Note from the team: Stay tuned! Very soon BigQuery will turn this advice irrelevant.
Note 2: Good news! BigQuery has rendered this advice obsolete — LOWER() and UPPER() behave way faster now. Will I blog about this? Stay tuned!
The problem
Processing gigabytes of data with BigQuery should be super fast. For example the following query performs a case insensitive search over 5GB of text in 18 seconds:
#standardSQL
SELECT COUNT(*) c
FROM `bigquery-public-data.hacker_news.full`
WHERE LOWER(text) LIKE '%bigquery%' # 18s
Usually BigQuery is faster than this, but the underlying problem becomes really apparent when adding new search terms. For example, when searching for 3 terms, a similar query takes almost a minute:
#standardSQL
SELECT COUNT(*) c
FROM `bigquery-public-data.hacker_news.full`
WHERE LOWER(text) LIKE '%bigquery%'
OR LOWER(text) LIKE '%big query%' # 34s
#standardSQL
SELECT COUNT(*) c
FROM `bigquery-public-data.hacker_news.full`
WHERE LOWER(text) LIKE '%bigquery%'
OR LOWER(text) LIKE '%big query%'
OR LOWER(text) LIKE '%google cloud%' # 52s
How can I improve my query performance?
BigQuery performance tip: Avoid using LOWER()
and UPPER()
LOWER()
and UPPER()
operations have a hard time when dealing with Unicode text: each character needs to be mapped individually and they can also be multi-byte.

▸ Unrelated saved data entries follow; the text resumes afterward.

(* Consider the periodic robust learning MPC scheme described in the context, and suppose the following assumption holds: a closed-loop trajectory $\{\mathbf{z}^0,\mathbf{v}^0\}$ of iteration $0$ (with disturbance parameter $\theta^0$) is given which satisfies the nominal dynamics and the tightened constraints, and the feasible disturbance sets of iteration $0$ satisfy $\mathbb{W}_t^0 \supseteq \mathbb{W}_\theta$ for all $t\in\{0,\dots,T\}$. Then for every iteration $j\geq 1$ and every time step $t$ at which the LMPC problem is solved (i.e. every $t\in\{0,1,\dots,T-N\}$), the LMPC optimization problem at time $t$ of iteration $j$ is feasible.
   Context: Let $T\in\mathbb{N}$ be the period/task length and $N\le T$ the prediction horizon; $\mathbb{N}_a^b=\{a,a+1,\dots,b\}$. For $t\in\mathbb{N}_0^T$ let $A_t\in\mathbb{R}^{n\times n}$, $B_t\in\mathbb{R}^{n\times m}$, $C_t\in\mathbb{R}^{n\times d}$ be given, together with tightened constraint data $\bar F_t,\bar G_t,\bar f_t$ (polytopic constraints $\bar F_t z+\bar G_t v\le \bar f_t$), gains $K_t$ and $\Phi_t=A_t+B_tK_t$. Let $(\theta,t)\mapsto w_{\theta,t}\in\mathbb{R}^d$ be a given (known) parametrized disturbance profile (e.g. a truncated Fourier series $w_{\theta,t}=a_0+\sum_{q=1}^M a_q\sin(2\pi qt/T)+b_q\cos(2\pi qt/T)$ with $\theta=(a_0,a_q,b_q)_q$), with parameters $\theta$ ranging in a set $\mathbb{W}_\theta$. Each iteration $j=0,1,2,\dots$ has a parameter $\theta^j\in\mathbb{W}_\theta$, known at iteration $j$, and nominal dynamics $z_{k+1}=A_kz_k+B_kv_k+C_kw_{\theta^j,k}$, all iterations starting from $z_0^j=x_s$. Stage costs $l_t(z,v)$ are given. Shifting: for a past iteration $i$ with recorded closed-loop states $\mathbf{z}^i=[z_0^i,\dots,z_T^i]$, inputs $\mathbf{v}^i=[v_0^i,\dots,v_T^i]$ and parameter $\theta^i$, a parameter $\theta$ and a start time $t$, define $e_{t|t}=0$, $e_{k+1|t}=\Phi_k e_{k|t}+C_k(w_{\theta,k}-w_{\theta^i,k})$, $v_{k|t}=v_k^i+K_ke_{k|t}$, $z_{k|t}=z_k^i+e_{k|t}$ for $k\in\mathbb{N}_t^T$; when $\theta=\theta^j$ these are denoted $z_{k|t}^{i,j},v_{k|t}^{i,j}$. The feasible disturbance set $\mathbb{W}_t^i$ is the set of $\theta$ for which the resulting shifted pairs satisfy $\bar F_k z_{k|t}+\bar G_k v_{k|t}\le \bar f_k$ for all $k\in\mathbb{N}_t^T$. Safe sets and cost-to-go at iteration $j$: $\mathbb{SS}_k^j=\{z_{k|t}^{i,j}: i\in\mathbb{N}_0^{j-1},\ t\in\mathbb{N}_0^k,\ \theta^j\in\mathbb{W}_t^i\}$ (a finite set of points), shifted costs $J_{k|t}^{i,j}=\sum_{r=k}^T l_r(z_{r|t}^{i,j},v_{r|t}^{i,j})$, and $Q_k^j(z)=\min\{J_{k|t}^{i,j}: i\in\mathbb{N}_0^{j-1}, t\in\mathbb{N}_0^k, \theta^j\in\mathbb{W}_t^i, z_{k|t}^{i,j}=z\}$ if $z\in\mathbb{SS}_k^j$, and $Q_k^j(z)=+\infty$ otherwise. LMPC problem at time $t\in\mathbb{N}_0^{T-N}$ of iteration $j$, given current nominal state $z_t^j$: minimize $\sum_{k=t}^{t+N-1}l_k(z_{k|t},v_{k|t})+Q_{t+N}^j(z_{t+N|t})$ over $v_{t|t},\dots,v_{t+N-1|t}$ subject to $z_{t|t}=z_t^j$, $z_{k+1|t}=A_kz_{k|t}+B_kv_{k|t}+C_kw_{\theta^j,k}$, $\bar F_kz_{k|t}+\bar G_kv_{k|t}\le\bar f_k$ for $k\in\mathbb{N}_t^{t+N-1}$, and $z_{t+N|t}\in\mathbb{SS}_{t+N}^j$. With optimal inputs $v^{j,*}_{k|t}$, the closed-loop input is $v_t^j=v_{t|t}^{j,*}$ if $t+N\le T$ and $v_t^j=v_{t|T-N}^{j,*}$ if $t+N>T$, and $z_{t+1}^j=A_tz_t^j+B_tv_t^j+C_tw_{\theta^j,t}$. The closed-loop $\{\mathbf{z}^j,\mathbf{v}^j\}$ together with $\theta^j$ is recorded and used as historical data for later iterations. *)

theory Defs
  imports "HOL-Analysis.Analysis" "HOL-Library.Extended_Real"
begin
(* Consider FedProx, as described in the context, and a round $t$ whose step size satisfies $\gamma_t\le1/\alpha$. Assume that the bounded variance, bounded stochastic gradient norm and $L$-smoothness assumptions hold. Then for every client $i$ and every $k\in\{0,\dots,E\}$, $$\mathbb{E}\|\overline{\mathbf{w}}_{t,k}-\mathbf{w}^i_{t,k}\|^2\le4\gamma_t^2E^2G^2.$$
   Context: Setting: there are $C$ clients with weights $p_i\ge0$ satisfying $\sum_ip_i=1$, local objectives $F_i:\mathbb{R}^D\to\mathbb{R}$, and global objective $F=\sum_ip_iF_i$. FedProx with $\alpha>0$, $E\ge1$ local steps and step sizes $\gamma_t$, with all clients participating: in round $t$, $\mathbf{w}^i_{t,0}=\overline{\mathbf{w}}_{t,0}$ and, for $k=0,\dots,E-1$, $$\mathbf{w}^i_{t,k+1}=(1-\alpha\gamma_t)\mathbf{w}^i_{t,k}+\alpha\gamma_t\overline{\mathbf{w}}_{t,0}-\gamma_tg_i(\mathbf{w}^i_{t,k}),$$ with stochastic gradients $g_i$ of $F_i$ sampled independently given the past. Also $\overline{\mathbf{w}}_{t,k}=\sum_ip_i\mathbf{w}^i_{t,k}$ and $\overline{\mathbf{w}}_{t+1,0}=\overline{\mathbf{w}}_{t,E}$. Assumptions: - Unbiasedness: $\mathbb{E}\,g_i(\mathbf{w}^i_{t,k})=\nabla F_i(\mathbf{w}^i_{t,k})$. - Variance: $\mathbb{E}\|g_i(\mathbf{w}^i_{t,k})-\nabla F_i(\mathbf{w}^i_{t,k})\|^2\le\sigma^2$. - Bounded second moment: $\mathbb{E}\|g_i(\mathbf{w}^i_{t,k})\|^2\le G^2$ for all $i,t,k$. - Smoothness: each $\nabla F_i$ is $L$-Lipschitz. $\mathbb{E}$ is total expectation. *)

theory Defs
  imports "HOL-Probability.Probability"
begin

definition wavg :: "nat \<Rightarrow> (nat \<Rightarrow> real) \<Rightarrow> (nat \<Rightarrow> 'a \<Rightarrow> 'v::real_vector) \<Rightarrow> 'a \<Rightarrow> 'v" where
  "wavg C p x \<omega> = (\<Sum>j<C. p j *\<^sub>R x j \<omega>)"

end

(* Within a round every client drifts from the round's starting average w0 = wbar_{t,0}:
   d_l(k) = w^l_{t,k} - w0 satisfies d_l(0) = 0 and d_l(k+1) = (1 - alpha gamma) d_l(k) - gamma g_l(k).
   As 0 <= alpha gamma <= 1 the damping never amplifies, so |d_l(k)| <= gamma sum_{j<k} |g_l(j)|, and
   Cauchy-Schwarz with the second-moment bound gives E |d_l(k)|^2 <= gamma^2 k^2 G^2.  Finally
   wbar_{t,k} - w^i_{t,k} = sum_l p_l d_l(k) - d_i(k), and |u - v|^2 <= 2|u|^2 + 2|v|^2 together with
   Jensen's inequality for the average yields the factor 4. *)

theory Submission
  imports Defs
begin

lemma power2_norm_convex_combination_le:
  fixes x :: "'b \<Rightarrow> 'v::real_normed_vector"
  assumes p_nonneg: "\<And>l. l \<in> A \<Longrightarrow> 0 \<le> p l" and p_sum: "sum p A = 1"
  shows "(norm (\<Sum>l\<in>A. p l *\<^sub>R x l))\<^sup>2 \<le> (\<Sum>l\<in>A. p l * (norm (x l))\<^sup>2)"
proof -
  have "finite A" "A \<noteq> {}"
    using p_sum by (auto simp: sum.infinite intro: ccontr)
  have "norm (\<Sum>l\<in>A. p l *\<^sub>R x l) \<le> (\<Sum>l\<in>A. p l * norm (x l))"
    using norm_sum[of "\<lambda>l. p l *\<^sub>R x l" A] p_nonneg by simp
  then have "(norm (\<Sum>l\<in>A. p l *\<^sub>R x l))\<^sup>2 \<le> (\<Sum>l\<in>A. p l * norm (x l))\<^sup>2"
    by (simp add: power_mono)
  also have "\<dots> \<le> (\<Sum>l\<in>A. p l * (norm (x l))\<^sup>2)"
    using convex_on_sum[OF \<open>finite A\<close> \<open>A \<noteq> {}\<close> convex_power2 p_sum p_nonneg,
        of "\<lambda>l. norm (x l)"]
    by simp
  finally show ?thesis .
qed

lemma power2_norm_convex_combination_diff_le:
  fixes x :: "'b \<Rightarrow> 'v::real_normed_vector"
  assumes p_nonneg: "\<And>l. l \<in> A \<Longrightarrow> 0 \<le> p l" and p_sum: "sum p A = 1"
  shows "(norm ((\<Sum>l\<in>A. p l *\<^sub>R x l) - x i))\<^sup>2
           \<le> 2 * (\<Sum>l\<in>A. p l * (norm (x l - y))\<^sup>2) + 2 * (norm (x i - y))\<^sup>2"
proof -
  define u where "u = (\<Sum>l\<in>A. p l *\<^sub>R (x l - y))"
  have "(\<Sum>l\<in>A. p l *\<^sub>R x l) - x i = u - (x i - y)"
    using p_sum by (simp add: u_def scaleR_diff_right sum_subtractf flip: scaleR_sum_left)
  then have "norm ((\<Sum>l\<in>A. p l *\<^sub>R x l) - x i) \<le> norm u + norm (x i - y)"
    by (simp only: norm_triangle_ineq4)
  then have "(norm ((\<Sum>l\<in>A. p l *\<^sub>R x l) - x i))\<^sup>2 \<le> (norm u + norm (x i - y))\<^sup>2"
    by (simp add: power_mono)
  also have "\<dots> \<le> 2 * (norm u)\<^sup>2 + 2 * (norm (x i - y))\<^sup>2"
    using zero_le_power2[of "norm u - norm (x i - y)"] by (simp add: power2_eq_square algebra_simps)
  also have "\<dots> \<le> 2 * (\<Sum>l\<in>A. p l * (norm (x l - y))\<^sup>2) + 2 * (norm (x i - y))\<^sup>2"
    using power2_norm_convex_combination_le[OF p_nonneg p_sum] by (simp add: u_def)
  finally show ?thesis .
qed

lemma norm_damped_recursion_le:
  fixes d u :: "nat \<Rightarrow> 'v::real_normed_vector"
  assumes "d 0 = 0"
    and recursion: "\<And>j. j < n \<Longrightarrow> d (Suc j) = (1 - a) *\<^sub>R d j - c *\<^sub>R u j"
    and "0 \<le> a" "a \<le> 1" "0 \<le> c" "k \<le> n"
  shows "norm (d k) \<le> c * (\<Sum>j<k. norm (u j))"
  using \<open>k \<le> n\<close>
proof (induction k)
  case 0
  then show ?case using \<open>d 0 = 0\<close> by simp
next
  case (Suc k)
  have "norm (d (Suc k)) \<le> norm ((1 - a) *\<^sub>R d k) + norm (c *\<^sub>R u k)"
  proof -
    have "d (Suc k) = (1 - a) *\<^sub>R d k - c *\<^sub>R u k"
      using recursion Suc.prems by simp
    then show ?thesis by (simp only: norm_triangle_ineq4)
  qed
  also have "\<dots> \<le> norm (d k) + c * norm (u k)"
    using assms(3-5) by (simp add: mult_left_le_one_le)
  also have "\<dots> \<le> c * (\<Sum>j<Suc k. norm (u j))"
    using Suc by (simp add: distrib_left)
  finally show ?case .
qed

lemma power2_norm_damped_recursion_le:
  fixes d u :: "nat \<Rightarrow> 'v::real_normed_vector"
  assumes "d 0 = 0"
    and "\<And>j. j < n \<Longrightarrow> d (Suc j) = (1 - a) *\<^sub>R d j - c *\<^sub>R u j"
    and "0 \<le> a" "a \<le> 1" "0 \<le> c" "k \<le> n"
  shows "(norm (d k))\<^sup>2 \<le> c\<^sup>2 * k * (\<Sum>j<k. (norm (u j))\<^sup>2)"
proof -
  have "(norm (d k))\<^sup>2 \<le> (c * (\<Sum>j<k. norm (u j)))\<^sup>2"
    using norm_damped_recursion_le[OF assms] by (simp add: power_mono)
  also have "\<dots> \<le> c\<^sup>2 * (k * (\<Sum>j<k. (norm (u j))\<^sup>2))"
    using sum_squared_le_sum_of_squares[of "\<lambda>j. norm (u j)" "{..<k}"]
    by (simp add: power_mult_distrib mult.commute mult_left_mono)
  finally show ?thesis by (simp add: mult.assoc)
qed

lemma second_moment_dominated:
  fixes f :: "'a \<Rightarrow> 'v::{banach, second_countable_topology}"
    and u :: "nat \<Rightarrow> 'a \<Rightarrow> 'w::real_normed_vector"
  assumes f_meas: "f \<in> borel_measurable M"
    and dominated: "\<And>\<omega>. \<omega> \<in> space M \<Longrightarrow> (norm (f \<omega>))\<^sup>2 \<le> b * (\<Sum>j<k. (norm (u j \<omega>))\<^sup>2)"
    and u_int: "\<And>j. j < k \<Longrightarrow> integrable M (\<lambda>\<omega>. (norm (u j \<omega>))\<^sup>2)"
    and u_moment: "\<And>j. j < k \<Longrightarrow> (\<integral>\<omega>. (norm (u j \<omega>))\<^sup>2 \<partial>M) \<le> G\<^sup>2"
    and "0 \<le> b"
  shows "integrable M (\<lambda>\<omega>. (norm (f \<omega>))\<^sup>2)"
    and "(\<integral>\<omega>. (norm (f \<omega>))\<^sup>2 \<partial>M) \<le> b * k * G\<^sup>2"
proof -
  define S where "S \<omega> = (\<Sum>j<k. (norm (u j \<omega>))\<^sup>2)" for \<omega>
  have S_int: "integrable M (\<lambda>\<omega>. b * S \<omega>)"
    using u_int by (auto simp: S_def intro!: Bochner_Integration.integrable_sum)
  show f_int: "integrable M (\<lambda>\<omega>. (norm (f \<omega>))\<^sup>2)"
  proof (rule Bochner_Integration.integrable_bound[OF S_int])
    show "(\<lambda>\<omega>. (norm (f \<omega>))\<^sup>2) \<in> borel_measurable M"
      using f_meas by measurable
    show "AE \<omega> in M. norm ((norm (f \<omega>))\<^sup>2) \<le> norm (b * S \<omega>)"
      using dominated by (auto simp: S_def intro!: AE_I2 order_trans[OF _ abs_ge_self])
  qed
  have "(\<integral>\<omega>. (norm (f \<omega>))\<^sup>2 \<partial>M) \<le> (\<integral>\<omega>. b * S \<omega> \<partial>M)"
    using S_int f_int dominated by (intro integral_mono) (auto simp: S_def)
  also have "\<dots> = b * (\<Sum>j<k. \<integral>\<omega>. (norm (u j \<omega>))\<^sup>2 \<partial>M)"
    using u_int by (simp add: S_def)
  also have "\<dots> \<le> b * (\<Sum>j<k. G\<^sup>2)"
    using u_moment \<open>0 \<le> b\<close> by (intro mult_left_mono sum_mono) auto
  finally show "(\<integral>\<omega>. (norm (f \<omega>))\<^sup>2 \<partial>M) \<le> b * k * G\<^sup>2"
    by simp
qed

lemma integral_power2_norm_convex_combination_diff_le:
  fixes x :: "'b \<Rightarrow> 'a \<Rightarrow> 'v::real_normed_vector"
  assumes p_nonneg: "\<And>l. l \<in> A \<Longrightarrow> 0 \<le> p l" and p_sum: "sum p A = 1" and "i \<in> A"
    and drift_int: "\<And>l. l \<in> A \<Longrightarrow> integrable M (\<lambda>\<omega>. (norm (x l \<omega> - y \<omega>))\<^sup>2)"
    and drift_le: "\<And>l. l \<in> A \<Longrightarrow> (\<integral>\<omega>. (norm (x l \<omega> - y \<omega>))\<^sup>2 \<partial>M) \<le> D"
  shows "(\<integral>\<omega>. (norm ((\<Sum>l\<in>A. p l *\<^sub>R x l \<omega>) - x i \<omega>))\<^sup>2 \<partial>M) \<le> 4 * D"
proof -
  let ?drift = "\<lambda>l \<omega>. (norm (x l \<omega> - y \<omega>))\<^sup>2"
  have "(\<integral>\<omega>. (norm ((\<Sum>l\<in>A. p l *\<^sub>R x l \<omega>) - x i \<omega>))\<^sup>2 \<partial>M)
        \<le> (\<integral>\<omega>. 2 * (\<Sum>l\<in>A. p l * ?drift l \<omega>) + 2 * ?drift i \<omega> \<partial>M)"
    using power2_norm_convex_combination_diff_le[OF p_nonneg p_sum] drift_int \<open>i \<in> A\<close> p_nonneg
    by (intro integral_mono') (auto intro!: add_nonneg_nonneg mult_nonneg_nonneg sum_nonneg)
  also have "\<dots> = 2 * (\<Sum>l\<in>A. p l * (\<integral>\<omega>. ?drift l \<omega> \<partial>M)) + 2 * (\<integral>\<omega>. ?drift i \<omega> \<partial>M)"
    using drift_int \<open>i \<in> A\<close> by simp
  also have "\<dots> \<le> 2 * (\<Sum>l\<in>A. p l * D) + 2 * D"
    using drift_le p_nonneg \<open>i \<in> A\<close> by (intro add_mono mult_left_mono sum_mono) auto
  also have "\<dots> = 4 * D"
    using p_sum by (simp flip: sum_distrib_right)
  finally show ?thesis .
qed

theorem lemma3:
  fixes M :: "'a measure"
    and C E :: nat
    and p :: "nat \<Rightarrow> real"
    and \<alpha> G \<sigma> L :: real
    and \<gamma> :: "nat \<Rightarrow> real"
    and F :: "nat \<Rightarrow> real ^ 'd \<Rightarrow> real"
    and gradF :: "nat \<Rightarrow> real ^ 'd \<Rightarrow> real ^ 'd"
    and w g :: "nat \<Rightarrow> nat \<Rightarrow> nat \<Rightarrow> 'a \<Rightarrow> real ^ 'd"
    and t :: nat
  assumes prob: "prob_space M"
    and p_nonneg: "\<forall>i<C. p i \<ge> 0"
    and p_sum: "(\<Sum>i<C. p i) = 1"
    and alpha_pos: "\<alpha> > 0"
    and E_ge: "E \<ge> 1"
    and gamma_pos: "\<forall>s. \<gamma> s > 0"
    and w_meas: "\<forall>i<C. \<forall>s k. w i s k \<in> borel_measurable M"
    and g_meas: "\<forall>i<C. \<forall>s k. g i s k \<in> borel_measurable M"
    and init: "\<forall>i<C. \<forall>s. \<forall>\<omega>\<in>space M.
                 w i s 0 \<omega> = wavg C p (\<lambda>j. w j s 0) \<omega>"
    and step: "\<forall>i<C. \<forall>s. \<forall>k<E. \<forall>\<omega>\<in>space M.
                 w i s (Suc k) \<omega> = (1 - \<alpha> * \<gamma> s) *\<^sub>R w i s k \<omega>
                   + (\<alpha> * \<gamma> s) *\<^sub>R wavg C p (\<lambda>j. w j s 0) \<omega>
                   - \<gamma> s *\<^sub>R g i s k \<omega>"
    and round: "\<forall>s. \<forall>\<omega>\<in>space M.
                 wavg C p (\<lambda>j. w j (Suc s) 0) \<omega> = wavg C p (\<lambda>j. w j s E) \<omega>"
    and variance: "\<forall>i<C. \<forall>s k.
                 integrable M (\<lambda>\<omega>. (norm (g i s k \<omega> - gradF i (w i s k \<omega>)))\<^sup>2) \<and>
                 (\<integral>\<omega>. (norm (g i s k \<omega> - gradF i (w i s k \<omega>)))\<^sup>2 \<partial>M) \<le> \<sigma>\<^sup>2"
    and second_moment: "\<forall>i<C. \<forall>s k.
                 integrable M (\<lambda>\<omega>. (norm (g i s k \<omega>))\<^sup>2) \<and>
                 (\<integral>\<omega>. (norm (g i s k \<omega>))\<^sup>2 \<partial>M) \<le> G\<^sup>2"
    and grad: "\<forall>i<C. \<forall>x. (F i has_derivative (\<lambda>h. gradF i x \<bullet> h)) (at x)"
    and smooth: "\<forall>i<C. \<forall>x y. norm (gradF i x - gradF i y) \<le> L * norm (x - y)"
    and step_small: "\<gamma> t \<le> 1 / \<alpha>"
  shows "\<forall>i<C. \<forall>k\<le>E.
           (\<integral>\<omega>. (norm (wavg C p (\<lambda>j. w j t k) \<omega> - w i t k \<omega>))\<^sup>2 \<partial>M)
             \<le> 4 * (\<gamma> t)\<^sup>2 * (real E)\<^sup>2 * G\<^sup>2"
proof (intro allI impI)
  fix i k
  assume "i < C" and "k \<le> E"
  define w0 where "w0 = wavg C p (\<lambda>j. w j t 0)"
  have damping: "0 \<le> \<alpha> * \<gamma> t" "\<alpha> * \<gamma> t \<le> 1"
    using alpha_pos gamma_pos step_small by (auto simp: field_simps less_imp_le)
  have drift_bound: "(norm (w l t k \<omega> - w0 \<omega>))\<^sup>2
      \<le> (\<gamma> t)\<^sup>2 * k * (\<Sum>j<k. (norm (g l t j \<omega>))\<^sup>2)"
    if "l < C" "\<omega> \<in> space M" for l \<omega>
  proof (rule power2_norm_damped_recursion_le[where n = E and a = "\<alpha> * \<gamma> t"])
    show "w l t 0 \<omega> - w0 \<omega> = 0"
      using init that by (simp add: w0_def)
    show "w l t (Suc j) \<omega> - w0 \<omega>
        = (1 - \<alpha> * \<gamma> t) *\<^sub>R (w l t j \<omega> - w0 \<omega>) - \<gamma> t *\<^sub>R g l t j \<omega>" if "j < E" for j
      using step \<open>l < C\<close> \<open>\<omega> \<in> space M\<close> \<open>j < E\<close> by (simp add: w0_def algebra_simps)
  qed (use damping gamma_pos \<open>k \<le> E\<close> in \<open>auto intro: less_imp_le\<close>)
  have drift_meas: "(\<lambda>\<omega>. w l t k \<omega> - w0 \<omega>) \<in> borel_measurable M" if "l < C" for l
    using w_meas that
    by (auto simp: w0_def wavg_def
        intro!: borel_measurable_diff borel_measurable_sum borel_measurable_scaleR)
  note drift_second_moment = second_moment_dominated[OF drift_meas drift_bound]
  have "(\<integral>\<omega>. (norm (wavg C p (\<lambda>j. w j t k) \<omega> - w i t k \<omega>))\<^sup>2 \<partial>M)
      \<le> 4 * ((\<gamma> t)\<^sup>2 * k * k * G\<^sup>2)"
    unfolding wavg_def
    using p_nonneg p_sum \<open>i < C\<close> second_moment
    by (intro integral_power2_norm_convex_combination_diff_le[where y = w0]
        drift_second_moment) auto
  also have "\<dots> \<le> 4 * (\<gamma> t)\<^sup>2 * (real E)\<^sup>2 * G\<^sup>2"
  proof -
    have "real k * real k \<le> (real E)\<^sup>2"
      using \<open>k \<le> E\<close> by (simp add: power2_eq_square mult_mono)
    from mult_right_mono[OF mult_left_mono[OF this, of "(\<gamma> t)\<^sup>2"], of "G\<^sup>2"]
    show ?thesis by (simp add: mult.assoc)
  qed
  finally show "(\<integral>\<omega>. (norm (wavg C p (\<lambda>j. w j t k) \<omega> - w i t k \<omega>))\<^sup>2 \<partial>M)
      \<le> 4 * (\<gamma> t)\<^sup>2 * (real E)\<^sup>2 * G\<^sup>2" .
qed

end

There are 3 solutions that I covered on Stack Overflow:
Solution 1: Case insensitive regex
A faster alternative to
LOWER()
: Use REGEX_MATCH()
and add the case insensitive (?i)
modifier to your regular expression:#standardSQL
SELECT COUNT(*) c
FROM `bigquery-public-data.hacker_news.full`
WHERE REGEXP_CONTAINS(text, '(?i)bigquery') # 7s
# REGEXP_CONTAINS(text, '(?i)bigquery')
# OR REGEXP_CONTAINS(text, '(?i)big query') # 9s
# REGEXP_CONTAINS(text, '(?i)bigquery')
# OR REGEXP_CONTAINS(text, '(?i)big query')
# OR REGEXP_CONTAINS(text, '(?i)google cloud') # 11s
Query execution time gets much better:
- 1 search term: 18s down to 8s
- 2 search terms: 34s down to 9s
- 3 search terms: 52s down to 11s.
Solution 2: Combine regexes
Why do 3 searches when a regular expression can combine them into 1?
#standardSQL SELECT COUNT(*) c FROM `bigquery-public-data.hacker_news.full` WHERE REGEXP_CONTAINS(text, '(?i)(bigquery|big query|google cloud)') # 7s
3 terms in 7s — nice.
Solution 3: Transform to bytes
This is uglier, but shows that
UPPER()
and LOWER()
perform way better when dealing with individual bytes — for equivalent results in these searches:#standardSQL SELECT COUNT(*) c FROM `bigquery-public-data.hacker_news.full` WHERE LOWER(CAST(text AS BYTES)) LIKE b'%bigquery%' OR LOWER(CAST(text AS BYTES)) LIKE b'%big query%' OR LOWER(CAST(text AS BYTES)) LIKE b'%google cloud%' # 7s
In closing
LOWER() is slower! Use the regex (?i) modifier instead.